Saved entries
Content starts

lemma nn_integral_excess_max_abs_mean_le_of_exp_bound:
  assumes "1 \<le> l" "real l \<le> p" "0 < A" "1 \<le> \<kappa>" "0 \<le> C"
    and exp_bound: "\<And>y. \<bar>y\<bar> \<le> \<kappa> \<Longrightarrow> exp y \<le> 1 + y + C * y\<^sup>2"
  shows "(\<integral>\<^sup>+ w. ennreal ((max 0 (max_abs_mean w - A * B * ln (2 * real (card J)) / real (card I))) ^ l)
            \<partial>PiM I M)
    \<le> ennreal ((fact l powr (1 / real l) * A / (real (card I) * \<kappa>) + 2 * (2 / A) powr (p - 1)
                  + real l * A / (2 * real (card I)) + C * \<kappa> / A) ^ l * B ^ l)"
proof -
  define n where "n = real (card I)"
  define T where "T = A * B / 2"
  define c where "c = A * B * ln (2 * real (card J)) / n"
  define \<delta> where "\<delta> = C * \<kappa> * B / A"
  define a where "a = fact l powr (1 / real l) / (n * \<kappa> / (A * B))"
  define b where "b = T * (n * (B / T) powr p + real l) / n"
  define k where "k = T * (B / T) powr p + \<delta>"
  have "0 < n" "0 < T"
    using card_I_pos assms B_pos by (auto simp: n_def T_def)
  have tail_term: "T * (B / T) powr p = B * (2 / A) powr (p - 1)"
    using assms B_pos
    by (simp add: T_def powr_diff powr_divide field_simps)
  have "(\<integral>\<^sup>+ w. ennreal ((max 0 (max_abs_mean w - c)) ^ l) \<partial>PiM I M) \<le> ennreal ((a + b + k) ^ l)"
  proof (rule P.nn_integral_power_le_of_decomposition)
    show "max 0 (max_abs_mean w - c) \<le> max 0 (Max ((\<lambda>j. \<bar>centered_mean T j w\<bar>) ` J) - (c + \<delta>)) + tail_mean T w + k"
      if "w \<in> space (PiM I M)" for w
      using excess_max_abs_mean_le[OF that \<open>0 < T\<close>] assms B_pos by (simp add: k_def \<delta>_def)
    show "(\<integral>\<^sup>+ w. ennreal (max 0 (Max ((\<lambda>j. \<bar>centered_mean T j w\<bar>) ` J) - (c + \<delta>)) ^ l) \<partial>PiM I M)
        \<le> ennreal (a ^ l)"
      using nn_integral_excess_max_centered_mean_le[OF \<open>1 \<le> l\<close> \<open>0 < A\<close> \<open>1 \<le> \<kappa>\<close> \<open>0 \<le> C\<close> exp_bound]
        fact_root_power[OF \<open>1 \<le> l\<close>]
      by (simp add: a_def c_def \<delta>_def T_def n_def power_divide power_mult_distrib)
    show "(\<integral>\<^sup>+ w. ennreal (tail_mean T w ^ l) \<partial>PiM I M) \<le> ennreal (b ^ l)"
      using nn_integral_tail_mean_power_le[OF \<open>1 \<le> l\<close> \<open>real l \<le> p\<close> \<open>0 < T\<close>] by (simp add: b_def n_def)
    show "(\<lambda>w. max 0 (Max ((\<lambda>j. \<bar>centered_mean T j w\<bar>) ` J) - (c + \<delta>))) \<in> borel_measurable (PiM I M)"
      using finite_J by measurable
    show "0 < b"
      using assms \<open>0 < n\<close> \<open>0 < T\<close> by (simp add: b_def add_nonneg_pos)
    show "0 < a"
      using assms B_pos \<open>0 < n\<close> fact_root_bounds[OF \<open>1 \<le> l\<close>] by (simp add: a_def)
    show "0 \<le> k"
      using assms B_pos \<open>0 < T\<close> by (simp add: k_def \<delta>_def)
    show "tail_mean T \<in> borel_measurable (PiM I M)"
      by measurable
    show "0 \<le> max 0 (Max ((\<lambda>j. \<bar>centered_mean T j w\<bar>) ` J) - (c + \<delta>)) \<and> 0 \<le> tail_mean T w
        \<and> 0 \<le> max 0 (max_abs_mean w - c)" for w
      using \<open>0 < T\<close> tail_mean_nonneg by simp
  qed
  also have "a + b + k = (fact l powr (1 / real l) * A / (n * \<kappa>) + 2 * (2 / A) powr (p - 1)
                  + real l * A / (2 * n) + C * \<kappa> / A) * B"
  proof -
    have "a = fact l powr (1 / real l) * A / (n * \<kappa>) * B"
      using \<open>0 < n\<close> assms by (simp add: a_def)
    moreover have "b = T * (B / T) powr p + T * real l / n"
      using \<open>0 < n\<close> by (simp add: b_def field_simps)
    moreover have "T * real l / n = real l * A / (2 * n) * B"
      by (simp add: T_def)
    moreover have "k = T * (B / T) powr p + C * \<kappa> / A * B"
      by (simp add: k_def \<delta>_def)
    ultimately show ?thesis
      unfolding tail_term by (simp add: algebra_simps)
  qed
  finally show ?thesis
    by (simp add: c_def n_def power_mult_distrib)
qed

Content ends

▶ [PROBLEM]:
Once you have found every line above holding the word "partial", copy those lines.

▶ [OUTPUT FOR THIS EXERCISE]:
            \<partial>PiM I M)
  have "(\<integral>\<^sup>+ w. ennreal ((max 0 (max_abs_mean w - c)) ^ l) \<partial>PiM I M) \<le> ennreal ((a + b + k) ^ l)"
    show "(\<integral>\<^sup>+ w. ennreal (max 0 (Max ((\<lambda>j. \<bar>centered_mean T j w\<bar>) ` J) - (c + \<delta>)) ^ l) \<partial>PiM I M)
    show "(\<integral>\<^sup>+ w. ennreal (tail_mean T w ^ l) \<partial>PiM I M) \<le> ennreal (b ^ l)"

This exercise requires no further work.